__Stored data entries__
Content starts

lemma is_lcm_of_insert_prime_elem:
  fixes p L :: "'a::idom"
  assumes L: "is_lcm_of S L" and p: "prime_elem p" and pL: "\<not> p dvd L"
  shows "is_lcm_of (insert p S) (p * L)"
  unfolding is_lcm_of_def
proof (intro conjI allI impI ballI)
  show "x dvd p * L" if "x \<in> insert p S" for x
    using that L by (auto simp: is_lcm_of_def intro: dvd_mult)
  fix M assume M: "\<forall>x\<in>insert p S. x dvd M"
  then have "L dvd M" using L by (simp add: is_lcm_of_def)
  then obtain m where m: "M = L * m" ..
  then have "p dvd m" using M p pL by (simp add: prime_elem_dvd_mult_iff)
  then show "p * L dvd M" by (simp add: m mult.commute mult_dvd_mono)
qed

lemma prime_or_unit_has_squarefree_lcm:
  fixes S :: "'a::idom set"
  assumes "finite S" "\<And>s. s \<in> S \<Longrightarrow> prime_or_unit s"
  shows "\<exists>L. is_lcm_of S L \<and> squarefree L"
  using assms
proof (induct S rule: finite_induct)
  case empty
  have "is_lcm_of {} (1::'a)" by (simp add: is_lcm_of_def)
  then show ?case by (intro exI[of _ 1]) (simp add: unit_imp_squarefree)
next
  case (insert s S)
  then obtain L where L: "is_lcm_of S L" "squarefree L" by auto
  show ?case
  proof (cases "s dvd L")
    case True
    then have "is_lcm_of (insert s S) L" using L(1) by (auto simp: is_lcm_of_def)
    then show ?thesis using L(2) by blast
  next
    case False
    then have "\<not> s dvd 1" using one_dvd dvd_trans by blast
    then have "prime_elem s" using insert.prems[of s] by (simp add: prime_or_unit_def)
    then show ?thesis
      using is_lcm_of_insert_prime_elem[OF L(1) _ False] squarefree_prime_elem_mult[OF _ False L(2)]
      by blast
  qed
qed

Content ends

__Exercise directions__
Using the data above, output each line exactly.

__Output__
lemma is_lcm_of_insert_prime_elem:
  fixes p L :: "'a::idom"
  assumes L: "is_lcm_of S L" and p: "prime_elem p" and pL: "\<not> p dvd L"
  shows "is_lcm_of (insert p S) (p * L)"
  unfolding is_lcm_of_def
proof (intro conjI allI impI ballI)
  show "x dvd p * L" if "x \<in> insert p S" for x
    using that L by (auto simp: is_lcm_of_def intro: dvd_mult)
  fix M assume M: "\<forall>x\<in>insert p S. x dvd M"
  then have "L dvd M" using L by (simp add: is_lcm_of_def)
  then obtain m where m: "M = L * m" ..
  then have "p dvd m" using M p pL by (simp add: prime_elem_dvd_mult_iff)
  then show "p * L dvd M" by (simp add: m mult.commute mult_dvd_mono)
qed

lemma prime_or_unit_has_squarefree_lcm:
  fixes S :: "'a::idom set"
  assumes "finite S" "\<And>s. s \<in> S \<Longrightarrow> prime_or_unit s"
  shows "\<exists>L. is_lcm_of S L \<and> squarefree L"
  using assms
proof (induct S rule: finite_induct)
  case empty
  have "is_lcm_of {} (1::'a)" by (simp add: is_lcm_of_def)
  then show ?case by (intro exI[of _ 1]) (simp add: unit_imp_squarefree)
next
  case (insert s S)
  then obtain L where L: "is_lcm_of S L" "squarefree L" by auto
  show ?case
  proof (cases "s dvd L")
    case True
    then have "is_lcm_of (insert s S) L" using L(1) by (auto simp: is_lcm_of_def)
    then show ?thesis using L(2) by blast
  next
    case False
    then have "\<not> s dvd 1" using one_dvd dvd_trans by blast
    then have "prime_elem s" using insert.prems[of s] by (simp add: prime_or_unit_def)
    then show ?thesis
      using is_lcm_of_insert_prime_elem[OF L(1) _ False] squarefree_prime_elem_mult[OF _ False L(2)]
      by blast
  qed
qed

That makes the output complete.